Segment Start: Data supplied
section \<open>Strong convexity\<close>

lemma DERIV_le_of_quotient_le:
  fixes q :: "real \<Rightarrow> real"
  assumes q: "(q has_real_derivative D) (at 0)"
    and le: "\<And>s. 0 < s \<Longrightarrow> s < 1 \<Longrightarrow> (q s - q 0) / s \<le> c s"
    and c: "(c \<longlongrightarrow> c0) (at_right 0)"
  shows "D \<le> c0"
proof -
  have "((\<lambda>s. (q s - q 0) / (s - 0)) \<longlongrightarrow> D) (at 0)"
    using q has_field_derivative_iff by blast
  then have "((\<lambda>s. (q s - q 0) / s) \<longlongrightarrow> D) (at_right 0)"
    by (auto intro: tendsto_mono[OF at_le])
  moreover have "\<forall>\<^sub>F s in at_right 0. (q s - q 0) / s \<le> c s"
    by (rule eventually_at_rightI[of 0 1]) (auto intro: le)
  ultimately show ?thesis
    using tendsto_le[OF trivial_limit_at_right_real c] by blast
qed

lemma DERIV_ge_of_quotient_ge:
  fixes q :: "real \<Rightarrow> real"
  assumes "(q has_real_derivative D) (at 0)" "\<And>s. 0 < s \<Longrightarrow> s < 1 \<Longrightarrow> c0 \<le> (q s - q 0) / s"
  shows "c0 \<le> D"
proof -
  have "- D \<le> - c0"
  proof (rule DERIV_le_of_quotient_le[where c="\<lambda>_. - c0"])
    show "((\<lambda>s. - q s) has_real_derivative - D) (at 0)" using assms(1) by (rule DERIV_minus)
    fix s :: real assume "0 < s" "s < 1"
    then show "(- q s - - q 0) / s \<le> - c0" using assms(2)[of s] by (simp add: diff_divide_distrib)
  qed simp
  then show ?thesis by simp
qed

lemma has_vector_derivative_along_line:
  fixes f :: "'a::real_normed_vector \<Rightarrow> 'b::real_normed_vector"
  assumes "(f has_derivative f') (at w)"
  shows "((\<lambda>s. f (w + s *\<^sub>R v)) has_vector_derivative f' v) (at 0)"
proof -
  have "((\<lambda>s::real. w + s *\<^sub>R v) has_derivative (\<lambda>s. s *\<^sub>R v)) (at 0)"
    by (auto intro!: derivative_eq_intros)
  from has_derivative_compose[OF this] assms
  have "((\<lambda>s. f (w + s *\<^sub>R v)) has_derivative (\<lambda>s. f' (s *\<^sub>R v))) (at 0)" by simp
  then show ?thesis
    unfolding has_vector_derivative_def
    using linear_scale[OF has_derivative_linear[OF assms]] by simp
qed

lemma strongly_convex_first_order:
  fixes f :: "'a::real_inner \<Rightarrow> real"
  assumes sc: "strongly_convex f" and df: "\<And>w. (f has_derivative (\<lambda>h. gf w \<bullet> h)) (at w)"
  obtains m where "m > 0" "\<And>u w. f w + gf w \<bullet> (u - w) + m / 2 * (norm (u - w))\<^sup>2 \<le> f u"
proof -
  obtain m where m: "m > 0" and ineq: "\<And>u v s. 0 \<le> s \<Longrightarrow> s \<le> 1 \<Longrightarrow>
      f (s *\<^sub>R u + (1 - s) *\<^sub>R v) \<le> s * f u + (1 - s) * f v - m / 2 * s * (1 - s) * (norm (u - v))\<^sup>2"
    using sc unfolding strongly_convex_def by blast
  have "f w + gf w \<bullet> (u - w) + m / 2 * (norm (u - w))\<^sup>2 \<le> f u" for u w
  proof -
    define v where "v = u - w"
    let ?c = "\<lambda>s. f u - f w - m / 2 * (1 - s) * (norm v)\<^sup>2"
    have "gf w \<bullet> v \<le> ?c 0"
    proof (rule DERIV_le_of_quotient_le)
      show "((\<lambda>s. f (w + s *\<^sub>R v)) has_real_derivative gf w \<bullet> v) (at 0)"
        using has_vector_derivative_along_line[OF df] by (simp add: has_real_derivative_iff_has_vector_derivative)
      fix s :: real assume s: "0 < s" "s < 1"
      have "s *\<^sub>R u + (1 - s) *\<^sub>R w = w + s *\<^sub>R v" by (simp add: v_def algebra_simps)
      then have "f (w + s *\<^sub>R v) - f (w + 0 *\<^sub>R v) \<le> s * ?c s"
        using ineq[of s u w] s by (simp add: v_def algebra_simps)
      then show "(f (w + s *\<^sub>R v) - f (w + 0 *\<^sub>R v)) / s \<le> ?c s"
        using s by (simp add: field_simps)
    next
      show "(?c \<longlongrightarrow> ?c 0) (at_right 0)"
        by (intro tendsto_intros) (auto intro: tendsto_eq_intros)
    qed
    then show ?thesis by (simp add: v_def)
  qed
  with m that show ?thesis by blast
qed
Segment End: Data supplied
What the task asks: Copy the data above in full, character for character.

Written reply:
section \<open>Strong convexity\<close>

lemma DERIV_le_of_quotient_le:
  fixes q :: "real \<Rightarrow> real"
  assumes q: "(q has_real_derivative D) (at 0)"
    and le: "\<And>s. 0 < s \<Longrightarrow> s < 1 \<Longrightarrow> (q s - q 0) / s \<le> c s"
    and c: "(c \<longlongrightarrow> c0) (at_right 0)"
  shows "D \<le> c0"
proof -
  have "((\<lambda>s. (q s - q 0) / (s - 0)) \<longlongrightarrow> D) (at 0)"
    using q has_field_derivative_iff by blast
  then have "((\<lambda>s. (q s - q 0) / s) \<longlongrightarrow> D) (at_right 0)"
    by (auto intro: tendsto_mono[OF at_le])
  moreover have "\<forall>\<^sub>F s in at_right 0. (q s - q 0) / s \<le> c s"
    by (rule eventually_at_rightI[of 0 1]) (auto intro: le)
  ultimately show ?thesis
    using tendsto_le[OF trivial_limit_at_right_real c] by blast
qed

lemma DERIV_ge_of_quotient_ge:
  fixes q :: "real \<Rightarrow> real"
  assumes "(q has_real_derivative D) (at 0)" "\<And>s. 0 < s \<Longrightarrow> s < 1 \<Longrightarrow> c0 \<le> (q s - q 0) / s"
  shows "c0 \<le> D"
proof -
  have "- D \<le> - c0"
  proof (rule DERIV_le_of_quotient_le[where c="\<lambda>_. - c0"])
    show "((\<lambda>s. - q s) has_real_derivative - D) (at 0)" using assms(1) by (rule DERIV_minus)
    fix s :: real assume "0 < s" "s < 1"
    then show "(- q s - - q 0) / s \<le> - c0" using assms(2)[of s] by (simp add: diff_divide_distrib)
  qed simp
  then show ?thesis by simp
qed

lemma has_vector_derivative_along_line:
  fixes f :: "'a::real_normed_vector \<Rightarrow> 'b::real_normed_vector"
  assumes "(f has_derivative f') (at w)"
  shows "((\<lambda>s. f (w + s *\<^sub>R v)) has_vector_derivative f' v) (at 0)"
proof -
  have "((\<lambda>s::real. w + s *\<^sub>R v) has_derivative (\<lambda>s. s *\<^sub>R v)) (at 0)"
    by (auto intro!: derivative_eq_intros)
  from has_derivative_compose[OF this] assms
  have "((\<lambda>s. f (w + s *\<^sub>R v)) has_derivative (\<lambda>s. f' (s *\<^sub>R v))) (at 0)" by simp
  then show ?thesis
    unfolding has_vector_derivative_def
    using linear_scale[OF has_derivative_linear[OF assms]] by simp
qed

lemma strongly_convex_first_order:
  fixes f :: "'a::real_inner \<Rightarrow> real"
  assumes sc: "strongly_convex f" and df: "\<And>w. (f has_derivative (\<lambda>h. gf w \<bullet> h)) (at w)"
  obtains m where "m > 0" "\<And>u w. f w + gf w \<bullet> (u - w) + m / 2 * (norm (u - w))\<^sup>2 \<le> f u"
proof -
  obtain m where m: "m > 0" and ineq: "\<And>u v s. 0 \<le> s \<Longrightarrow> s \<le> 1 \<Longrightarrow>
      f (s *\<^sub>R u + (1 - s) *\<^sub>R v) \<le> s * f u + (1 - s) * f v - m / 2 * s * (1 - s) * (norm (u - v))\<^sup>2"
    using sc unfolding strongly_convex_def by blast
  have "f w + gf w \<bullet> (u - w) + m / 2 * (norm (u - w))\<^sup>2 \<le> f u" for u w
  proof -
    define v where "v = u - w"
    let ?c = "\<lambda>s. f u - f w - m / 2 * (1 - s) * (norm v)\<^sup>2"
    have "gf w \<bullet> v \<le> ?c 0"
    proof (rule DERIV_le_of_quotient_le)
      show "((\<lambda>s. f (w + s *\<^sub>R v)) has_real_derivative gf w \<bullet> v) (at 0)"
        using has_vector_derivative_along_line[OF df] by (simp add: has_real_derivative_iff_has_vector_derivative)
      fix s :: real assume s: "0 < s" "s < 1"
      have "s *\<^sub>R u + (1 - s) *\<^sub>R w = w + s *\<^sub>R v" by (simp add: v_def algebra_simps)
      then have "f (w + s *\<^sub>R v) - f (w + 0 *\<^sub>R v) \<le> s * ?c s"
        using ineq[of s u w] s by (simp add: v_def algebra_simps)
      then show "(f (w + s *\<^sub>R v) - f (w + 0 *\<^sub>R v)) / s \<le> ?c s"
        using s by (simp add: field_simps)
    next
      show "(?c \<longlongrightarrow> ?c 0) (at_right 0)"
        by (intro tendsto_intros) (auto intro: tendsto_eq_intros)
    qed
    then show ?thesis by (simp add: v_def)
  qed
  with m that show ?thesis by blast
qed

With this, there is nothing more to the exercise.